When the shuffling subsided the judge addressed the room. He spoke sorrowfully of the decline of civilisation and the decline of the family. He spoke of the corrupt effect of modern music and films, the cheap taste for excitement, the lack of respect for authority. There was no one person to blame, he said. There was the acknowledged tendency of boys to be boys, but (with a slight rueful smile) there was no one who could be a boy like a wild tomboy could. He paused for the smiles and the rueful shaking of heads. Beyond that, he said, there was a long trail of sorry neglect, a long sad trail. And this sort of family breakdown was like a disease, he said. Like a cancer. Unless it was stopped, it would spread and infect others, even those whose family circumstances were entirely admirable. (Here, he let his eyes rest briefly on the parents who lived on Wilston Heights.) His finding was that the tragic death was wholly an accident, but in order to prevent further harm, and for her own future good as well as that of society, he ruled that Cat Reilly should be removed from the inadequate home and desperately inadequate parental situation in which it was her sad fortune in life, through no fault of her own, to find herself. He ruled that she should be placed in the Holy Family School for Little Wanderers where, by God's grace, she would learn the proper deportment required of a young lady on the verge of puberty. In such a setting, he believed, there was every reason to hope she would learn discipline and moral rectitude before her life was beyond all repair.
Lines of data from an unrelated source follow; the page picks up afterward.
(* Let $F$ be a field with $\mathrm{char}\,F\ne2,3$ and let $\mathrm{Gr}_3$ be the Grassmann algebra over $F$ of a 3-dimensional vector space. Then $\mathrm{rb}(\mathrm{Gr}_3)=3$.
   Context: A linear operator $R$ on $A$ is a Rota–Baxter operator of weight $0$ if $R(x)R(y)=R(R(x)y+xR(y))$ for all $x,y\in A$. The RB-index $\mathrm{rb}(A)$ is the least $n\in\mathbb N$ such that $R^n=0$ for every Rota–Baxter operator $R$ of weight zero on $A$. *)

theory Defs
  imports Main
begin

text \<open>An element is represented by its
coefficient function on subsets of nat, vanishing outside Pow {0,1,2}.\<close>

definition gr3_carrier :: "(nat set \<Rightarrow> 'a::field) set" where
  "gr3_carrier = {x. \<forall>S. \<not> S \<subseteq> {0,1,2} \<longrightarrow> x S = 0}"

text \<open>Sign of e_T * e_U (for disjoint T, U): (-1) to the number of inversions.\<close>
definition gsign :: "nat set \<Rightarrow> nat set \<Rightarrow> 'a::field" where
  "gsign T U = (-1) ^ card {(i, j). i \<in> T \<and> j \<in> U \<and> j < i}"

definition gr3_mult :: "(nat set \<Rightarrow> 'a::field) \<Rightarrow> (nat set \<Rightarrow> 'a) \<Rightarrow> (nat set \<Rightarrow> 'a)" where
  "gr3_mult x y = (\<lambda>S. if S \<subseteq> {0,1,2}
      then (\<Sum>T\<in>Pow S. gsign T (S - T) * x T * y (S - T)) else 0)"

definition gr3_linear :: "((nat set \<Rightarrow> 'a::field) \<Rightarrow> (nat set \<Rightarrow> 'a)) \<Rightarrow> bool" where
  "gr3_linear R \<longleftrightarrow>
     (\<forall>x\<in>gr3_carrier. R x \<in> gr3_carrier) \<and>
     (\<forall>x\<in>gr3_carrier. \<forall>y\<in>gr3_carrier. R (\<lambda>S. x S + y S) = (\<lambda>S. R x S + R y S)) \<and>
     (\<forall>c::'a. \<forall>x\<in>gr3_carrier. R (\<lambda>S. c * x S) = (\<lambda>S. c * R x S))"

definition gr3_RB0 :: "((nat set \<Rightarrow> 'a::field) \<Rightarrow> (nat set \<Rightarrow> 'a)) \<Rightarrow> bool" where
  "gr3_RB0 R \<longleftrightarrow> gr3_linear R \<and>
     (\<forall>x\<in>gr3_carrier. \<forall>y\<in>gr3_carrier.
        gr3_mult (R x) (R y) = R (\<lambda>S. gr3_mult (R x) y S + gr3_mult x (R y) S))"

definition rb_gr3 :: "'a::field itself \<Rightarrow> nat" where
  "rb_gr3 _ = (LEAST n. \<forall>R :: (nat set \<Rightarrow> 'a) \<Rightarrow> (nat set \<Rightarrow> 'a).
      gr3_RB0 R \<longrightarrow> (\<forall>x\<in>gr3_carrier. (R ^^ n) x = (\<lambda>S. 0)))"

end

theory Submission
  imports Defs "HOL-Library.Function_Algebras"
begin

text \<open>A weight-zero Rota--Baxter operator \<open>R\<close> on \<open>Gr\<^sub>3\<close> has no scalar part in its image:
  the image is a subalgebra, so otherwise it would contain \<open>1\<close>, and \<open>R z = 1\<close> forces
  \<open>1 = R (2 z) = 2\<close>. Using this, the identity for \<open>(e\<^sub>0\<^sub>1\<^sub>2, y)\<close> gives \<open>R e\<^sub>0\<^sub>1\<^sub>2 = 0\<close>, the
  identity for \<open>(1, 1)\<close> shows that \<open>R (R 1) = (R 1)\<^sup>2 / 2\<close> is a multiple of \<open>e\<^sub>0\<^sub>1\<^sub>2\<close>, and
  adding the identities for \<open>(x, 1)\<close> and \<open>(1, x)\<close> shows that \<open>R (R x)\<close> is a multiple of
  \<open>e\<^sub>0\<^sub>1\<^sub>2\<close> too; hence \<open>R\<^sup>3 = 0\<close>. Conversely, \<open>1 \<mapsto> e\<^sub>0 + e\<^sub>1\<^sub>2\<close>, \<open>e\<^sub>0 \<mapsto> e\<^sub>0\<^sub>1\<^sub>2\<close>, other
  monomials \<open>\<mapsto> 0\<close> is a Rota--Baxter operator with \<open>R\<^sup>2 1 = e\<^sub>0\<^sub>1\<^sub>2 \<noteq> 0\<close>.\<close>

text \<open>Coordinates with respect to the monomials
  \<open>1, e\<^sub>0, e\<^sub>1, e\<^sub>2, e\<^sub>0\<^sub>1, e\<^sub>0\<^sub>2, e\<^sub>1\<^sub>2, e\<^sub>0\<^sub>1\<^sub>2\<close>, in this order.\<close>
definition gr3_vec :: "'a::field \<Rightarrow> 'a \<Rightarrow> 'a \<Rightarrow> 'a \<Rightarrow> 'a \<Rightarrow> 'a \<Rightarrow> 'a \<Rightarrow> 'a \<Rightarrow> nat set \<Rightarrow> 'a" where
  "gr3_vec c0 c1 c2 c3 c4 c5 c6 c7 = (\<lambda>S. if S \<subseteq> {0,1,2} then
     (if 0 \<in> S then (if 1 \<in> S then (if 2 \<in> S then c7 else c4) else (if 2 \<in> S then c5 else c1))
      else (if 1 \<in> S then (if 2 \<in> S then c6 else c2) else (if 2 \<in> S then c3 else c0))) else 0)"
Charlie saw a little jolt to Cat's body, as though a pellet had hit her, then she was still.

Nobody needed a translation of Holy Family School. Everybody knew what it meant. Reform School. Delinquent girls. When the judge asked Cat if she had anything to say, she did not answer him. But she turned toward the boys, toward Robinson Gray in particular, and lifted her hands up to her face like claws, and made a soft hissing sound.

Afterwards.

Charlie was never sure how much time elapsed between the inquest and the afterwards. It could have been the same night. It could have been the next. He thought the worst thing was that they came into Cat's place, into that magic untouchable kingdom of long grass and old tyres and the rusted skeleton of a car.

There were four of them and three of us and they were all much bigger than us, he said. It was dark. God knew where Cat's father was.

Charlie and Catherine had gone to Cat's place by instinct after school. Cat sat on the rotting veranda and stared at nothing. She didn't move, she didn't speak to them. She had finished with words.